lemma lmpc_cost_telescope:
  assumes summable: "\<forall>i<j. summable (\<lambda>t. h (xs i t) (us i t))" and "1 \<le> j"
    and opt: "\<And>t. lmpc_optimal A B Fx bx Fu bu Q R xs us N j (xs j t) (XP t) (UP t)"
      "\<And>t. us j t = UP t 0"
  shows "(\<Sum>k<M. h (xs j (t + k)) (us j (t + k))) + lmpc_cost Q R xs us N j (XP (t + M)) (UP (t + M))
           \<le> lmpc_cost Q R xs us N j (XP t) (UP t)"
proof (induction M)
  case (Suc M)
  have "lmpc_cost Q R xs us N j (XP (Suc (t + M))) (UP (Suc (t + M)))
          \<le> lmpc_cost Q R xs us N j (XP (t + M)) (UP (t + M)) - h (xs j (t + M)) (us j (t + M))"
    using lmpc_cost_decrease[OF summable \<open>1 \<le> j\<close> opt(1)[of "t + M"] opt(2)[of "t + M"] opt(1)[of "Suc (t + M)"]]
    by blast
  with Suc show ?case
    by simp
qed simp

lemma lmpc_cost_nonneg:
  assumes summable: "\<forall>i<j. summable (\<lambda>t. h (xs i t) (us i t))" and "1 \<le> j"
    and "lmpc_feasible A B Fx bx Fu bu xs N j x0 xp up"
  shows "0 \<le> lmpc_cost Q R xs us N j xp up"
proof -
  have "\<forall>i\<le>j - 1. \<forall>k. 0 \<le> cost_to_go Q R xs us i k"
    using summable \<open>1 \<le> j\<close> by (auto intro: cost_to_go_nonneg h_nonneg)
  moreover have "xp N \<in> safe_set xs (j - 1)"
    using assms(3) unfolding lmpc_feasible_def by blast
  ultimately have "0 \<le> Vfun Q R xs us (j - 1) (xp N)"
    by (rule Vfun_nonneg)
  then show ?thesis
    unfolding lmpc_cost_def using h_nonneg by (simp add: sum_nonneg)
qed

lemma summable_closed_loop_cost: "summable (\<lambda>t. h (xs i t) (us i t))"
proof (induction i rule: less_induct)
  case (less i)
  show ?case
  proof (cases "i = 0")
    case True
    then show ?thesis
      using it0_cost by simp
  next
    case False
    then have "1 \<le> i"
      by simp
    then obtain XP UP where opt: "\<And>t. lmpc_optimal A B Fx bx Fu bu Q R xs us N i (xs i t) (XP t) (UP t)"
      "\<And>t. us i t = UP t 0"
      using lmpc_plans by blast
    have "(\<Sum>k<n. h (xs i k) (us i k)) \<le> lmpc_cost Q R xs us N i (XP 0) (UP 0)" for n
      using lmpc_cost_telescope[OF _ \<open>1 \<le> i\<close> opt, where M = n and t = 0] less
        lmpc_cost_nonneg[OF _ \<open>1 \<le> i\<close>, of "xs i n" "XP n" "UP n"] opt(1)[of n]
      unfolding lmpc_optimal_def by fastforce
    then show ?thesis
      by (rule summableI_nonneg_bounded[OF h_nonneg])
  qed
qed

lemma closed_loop_cost_to_go_nonneg: "0 \<le> cost_to_go Q R xs us i k"
  using h_nonneg by (intro cost_to_go_nonneg[OF summable_closed_loop_cost]) simp

lemma cost_to_go_le_lmpc_cost:
  assumes "1 \<le> j" and feas: "lmpc_feasible A B Fx bx Fu bu xs N j (xs j t) xp up"
  shows "cost_to_go Q R xs us j t \<le> lmpc_cost Q R xs us N j xp up"
proof -
  obtain XP UP where opt: "\<And>t. lmpc_optimal A B Fx bx Fu bu Q R xs us N j (xs j t) (XP t) (UP t)"
    "\<And>t. us j t = UP t 0"
    using lmpc_plans[OF \<open>1 \<le> j\<close>] by blast
  have "(\<Sum>k<n. h (xs j (t + k)) (us j (t + k))) \<le> lmpc_cost Q R xs us N j (XP t) (UP t)" for n
    using lmpc_cost_telescope[OF _ \<open>1 \<le> j\<close> opt, where M = n and t = t] summable_closed_loop_cost
      lmpc_cost_nonneg[OF _ \<open>1 \<le> j\<close>, of "xs j (t + n)" "XP (t + n)" "UP (t + n)"] opt(1)[of "t + n"]
    unfolding lmpc_optimal_def by fastforce
  then have "cost_to_go Q R xs us j t \<le> lmpc_cost Q R xs us N j (XP t) (UP t)"
    unfolding cost_to_go_def by (intro suminf_le_const summable_cost_shift summable_closed_loop_cost)
  also have "\<dots> \<le> lmpc_cost Q R xs us N j xp up"
    using opt(1)[of t] feas unfolding lmpc_optimal_def by blast
  finally show ?thesis .
qed

lemma Vfun_le_cost_to_go: "i \<le> j \<Longrightarrow> Vfun Q R xs us j (xs i k) \<le> cost_to_go Q R xs us i k"
  using Vfun_le[where S = "{(i, k)}" and g = id and \<gamma> = "\<lambda>_. 1" and j = j and Q = Q and R = R
      and xs = xs and us = us]
  by (simp add: closed_loop_cost_to_go_nonneg)

lemma fixed_point_lmpc_cost_lower_bound:
  assumes fixed: "xs (Suc c) = xs c" "us (Suc c) = us c"
    and feas: "lmpc_feasible A B Fx bx Fu bu xs N (Suc c) (xs c t) xp up"
  shows "(\<Sum>k<N. h (xs c (t + k)) (us c (t + k))) + Vfun Q R xs us c (xs c (t + N))
           \<le> lmpc_cost Q R xs us N (Suc c) xp up"
proof -
  have "(\<Sum>k<N. h (xs c (t + k)) (us c (t + k))) + Vfun Q R xs us c (xs c (t + N))
          \<le> cost_to_go Q R xs us c t"
    using cost_to_go_add[where xs = xs and us = us and i = c and t = t and M = N,
        OF summable_closed_loop_cost] Vfun_le_cost_to_go[of c c "t + N"]
    by simp
  also have "\<dots> = cost_to_go Q R xs us (Suc c) t"
    unfolding cost_to_go_def fixed ..
  also have "\<dots> \<le> lmpc_cost Q R xs us N (Suc c) xp up"
    using feas fixed by (intro cost_to_go_le_lmpc_cost) simp_all
  finally show ?thesis .
qed

lemma lmpc_feasible_splice:
  assumes feas: "fh_feasible A B Fx bx Fu bu T (xs c t) (xs c (t + T)) x u" and "T \<le> N"
  defines "xp \<equiv> \<lambda>k. if k \<le> T then x k else xs c (t + k)"
    and "up \<equiv> \<lambda>k. if k < T then u k else us c (t + k)"
  shows "lmpc_feasible A B Fx bx Fu bu xs N (Suc c) (xs c t) xp up"
proof -
  have tail: "xp k = xs c (t + k)" if "T \<le> k" for k
    using that feas unfolding xp_def fh_feasible_def by (cases "k = T") auto
  show ?thesis
    unfolding lmpc_feasible_def
  proof (intro conjI allI impI)
    fix k
    assume "k < N"
    show "xp (Suc k) = A *v xp k + B *v up k"
      using feas tail[of k] tail[of "Suc k"] dyn
      by (cases "k < T") (auto simp: xp_def up_def fh_feasible_def)
    show "xp k \<in> polyset Fx bx"
      using feas tail[of k] closed_loop_in_constraints
      by (cases "k < T") (auto simp: xp_def fh_feasible_def)
    show "up k \<in> polyset Fu bu"
      using feas closed_loop_in_constraints by (auto simp: up_def fh_feasible_def)
  qed (use feas tail[OF \<open>T \<le> N\<close>] mem_safe_set[of c c xs] in \<open>auto simp: xp_def fh_feasible_def\<close>)
qed

lemma fixed_point_window_optimal:
  assumes fixed: "xs (Suc c) = xs c" "us (Suc c) = us c" and "T \<le> N"
  shows "fh_optimal A B Fx bx Fu bu Q R T (xs c t) (xs c (t + T)) (\<lambda>k. xs c (t + k)) (\<lambda>k. us c (t + k))"
  unfolding fh_optimal_def
proof (intro conjI allI impI)
  show "fh_feasible A B Fx bx Fu bu T (xs c t) (xs c (t + T)) (\<lambda>k. xs c (t + k)) (\<lambda>k. us c (t + k))"
    unfolding fh_feasible_def using dyn closed_loop_in_constraints by simp
  fix x u
  assume feas: "fh_feasible A B Fx bx Fu bu T (xs c t) (xs c (t + T)) x u"
  define xp where "xp k = (if k \<le> T then x k else xs c (t + k))" for k
  define up where "up k = (if k < T then u k else us c (t + k))" for k
  have "xp N = xs c (t + N)"
    using feas \<open>T \<le> N\<close> unfolding fh_feasible_def xp_def by auto
  then have "(\<Sum>k<N. h (xs c (t + k)) (us c (t + k))) + Vfun Q R xs us c (xs c (t + N))
          \<le> (\<Sum>k<N. h (xp k) (up k)) + Vfun Q R xs us c (xs c (t + N))"
    using fixed_point_lmpc_cost_lower_bound[OF fixed lmpc_feasible_splice[OF feas \<open>T \<le> N\<close>]]
    unfolding lmpc_cost_def xp_def up_def by simp
  moreover have "(\<Sum>k<N. f k) = (\<Sum>k<T. f k) + (\<Sum>k=T..<N. f k)" for f :: "nat \<Rightarrow> real"
    using \<open>T \<le> N\<close> by (metis atLeast0LessThan sum.atLeastLessThan_concat zero_le)
  moreover have "(\<Sum>k=T..<N. h (xp k) (up k)) = (\<Sum>k=T..<N. h (xs c (t + k)) (us c (t + k)))"
    and "(\<Sum>k<T. h (xp k) (up k)) = (\<Sum>k<T. h (x k) (u k))"
    using feas unfolding fh_feasible_def by (auto simp: xp_def up_def intro!: sum.cong)
  ultimately show "(\<Sum>k<T. h (xs c (t + k)) (us c (t + k))) \<le> (\<Sum>k<T. h (x k) (u k))"
    by simp
qed

lemma fixed_point_fh_optimal:
  assumes fixed: "xs (Suc c) = xs c" "us (Suc c) = us c"
    and licq: "\<And>s. LICQ_at A B Fx bx Fu bu (N - 1) (\<lambda>k. xs c (Suc s + k)) (\<lambda>k. us c (Suc s + k))"
  shows "fh_optimal A B Fx bx Fu bu Q R T (xs c t) (xs c (t + T)) (\<lambda>k. xs c (t + k)) (\<lambda>k. us c (t + k))"
proof (rule cost_variation_nonneg_imp_fh_optimal[OF Q_sym Q_psd R_sym R_psd])
  show "fh_feasible A B Fx bx Fu bu T (xs c t) (xs c (t + T)) (\<lambda>k. xs c (t + k)) (\<lambda>k. us c (t + k))"
    unfolding fh_feasible_def using dyn closed_loop_in_constraints by simp
  have "0 \<le> cost_variation Q R T (\<lambda>k. xs c (s + k)) (\<lambda>k. us c (s + k)) dx du"
    if "T \<le> Suc (N - 1)"
      and "feasible_variation A B Fx bx Fu bu T (\<lambda>k. xs c (s + k)) (\<lambda>k. us c (s + k)) dx du"
    for s T dx du
  proof -
    have "T \<le> N"
      using that(1) N_pos by simp
    then show ?thesis
      using fh_optimal_imp_cost_variation_nonneg[OF Q_sym R_sym fixed_point_window_optimal[OF fixed] that(2)]
      by blast
  qed
  then show "0 \<le> cost_variation Q R T (\<lambda>k. xs c (t + k)) (\<lambda>k. us c (t + k)) dx du"
    if "feasible_variation A B Fx bx Fu bu T (\<lambda>k. xs c (t + k)) (\<lambda>k. us c (t + k)) dx du" for dx du
    using cost_variation_nonneg_every_horizon[OF _ licq that] by blast
qed

end

theorem theorem1:
  fixes A :: "real^'n^'n" and B :: "real^'d^'n"
    and Fx :: "real^'n^'p" and bx :: "real^'p"
    and Fu :: "real^'d^'q" and bu :: "real^'q"
    and Q :: "real^'n^'n" and R :: "real^'d^'d"
    and xS :: "real^'n" and N :: nat and c :: nat
    and xs :: "nat \<Rightarrow> nat \<Rightarrow> real^'n" and us :: "nat \<Rightarrow> nat \<Rightarrow> real^'d"
  assumes X_int: "0 \<in> interior (polyset Fx bx)"
    and U_int: "0 \<in> interior (polyset Fu bu)"
    and Q_sym: "transpose Q = Q" and Q_psd: "\<forall>x. 0 \<le> x \<bullet> (Q *v x)"
    and R_sym: "transpose R = R" and R_pd: "\<forall>u. u \<noteq> 0 \<longrightarrow> 0 < u \<bullet> (R *v u)"
    and init_state: "\<forall>j. xs j 0 = xS"
    and dyn: "\<forall>j t. xs j (Suc t) = A *v xs j t + B *v us j t"
    and it0_X: "\<forall>t. xs 0 t \<in> polyset Fx bx"
    and it0_U: "\<forall>t. us 0 t \<in> polyset Fu bu"
    and it0_x_lim: "(\<lambda>t. xs 0 t) \<longlonglongrightarrow> 0"
    and it0_u_lim: "(\<lambda>t. us 0 t) \<longlonglongrightarrow> 0"
    and it0_cost: "summable (\<lambda>t. stage_cost Q R (xs 0 t) (us 0 t))"
    and lmpc: "\<forall>j\<ge>1. \<forall>t. \<exists>xp up.
                 lmpc_optimal A B Fx bx Fu bu Q R xs us N j (xs j t) xp up \<and> us j t = up 0"
    and licq: "\<forall>t\<ge>1. \<forall>x u.
                 fh_optimal A B Fx bx Fu bu Q R (N - 1) (xs c t) (xs c (t + (N - 1))) x u
                 \<longrightarrow> LICQ_at A B Fx bx Fu bu (N - 1) x u"
    and fixed_point: "\<forall>j\<ge>c. xs j = xs c \<and> us j = us c"
  shows "\<forall>t T. 0 < T \<longrightarrow>
           fh_optimal A B Fx bx Fu bu Q R T (xs c t) (xs c (t + T))
             (\<lambda>k. xs c (t + k)) (\<lambda>k. us c (t + k))"
proof -
  have R_psd: "\<forall>u. 0 \<le> u \<bullet> (R *v u)"
    using R_pd by (metis inner_zero_left less_eq_real_def)
  have "0 < N - 1"
  proof (rule ccontr)
    assume "\<not> 0 < N - 1"
    then have "fh_optimal A B Fx bx Fu bu Q R (N - 1) (xs c 1) (xs c (1 + (N - 1))) (\<lambda>_. xs c 1) (\<lambda>_. 0)"
      by (simp add: fh_optimal_def fh_feasible_def)
    then have "0 < N - 1"
      using licq[rule_format, of 1] LICQ_at_imp_pos_horizon by blast
    with \<open>\<not> 0 < N - 1\<close> show False ..
  qed
  then interpret lmpc_closed_loop A B Fx bx Fu bu Q R N xs us
    by (intro lmpc_closed_loop.intro[OF Q_sym Q_psd R_sym R_psd dyn it0_X it0_U it0_cost lmpc]) simp
  have fixed: "xs (Suc c) = xs c" "us (Suc c) = us c"
    using fixed_point[rule_format, of "Suc c"] by simp_all
  have "LICQ_at A B Fx bx Fu bu (N - 1) (\<lambda>k. xs c (Suc s + k)) (\<lambda>k. us c (Suc s + k))" for s
  proof -
    have "fh_optimal A B Fx bx Fu bu Q R (N - 1) (xs c (Suc s)) (xs c (Suc s + (N - 1)))
        (\<lambda>k. xs c (Suc s + k)) (\<lambda>k. us c (Suc s + k))"
      by (rule fixed_point_window_optimal[OF fixed]) simp
    then show ?thesis
      using licq[rule_format, of "Suc s"] by simp
  qed
  then show ?thesis
    using fixed_point_fh_optimal[OF fixed] by blast
qed

end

## Assignment
Could you return exactly the stretch of the data above that starts at the line with "using R_pd by" and ends at the line with "then interpret lmpc_closed_loop", both lines included?

## Reply
    using R_pd by (metis inner_zero_left less_eq_real_def)
  have "0 < N - 1"
  proof (rule ccontr)
    assume "\<not> 0 < N - 1"
    then have "fh_optimal A B Fx bx Fu bu Q R (N - 1) (xs c 1) (xs c (1 + (N - 1))) (\<lambda>_. xs c 1) (\<lambda>_. 0)"
      by (simp add: fh_optimal_def fh_feasible_def)
    then have "0 < N - 1"
      using licq[rule_format, of 1] LICQ_at_imp_pos_horizon by blast
    with \<open>\<not> 0 < N - 1\<close> show False ..
  qed
  then interpret lmpc_closed_loop A B Fx bx Fu bu Q R N xs us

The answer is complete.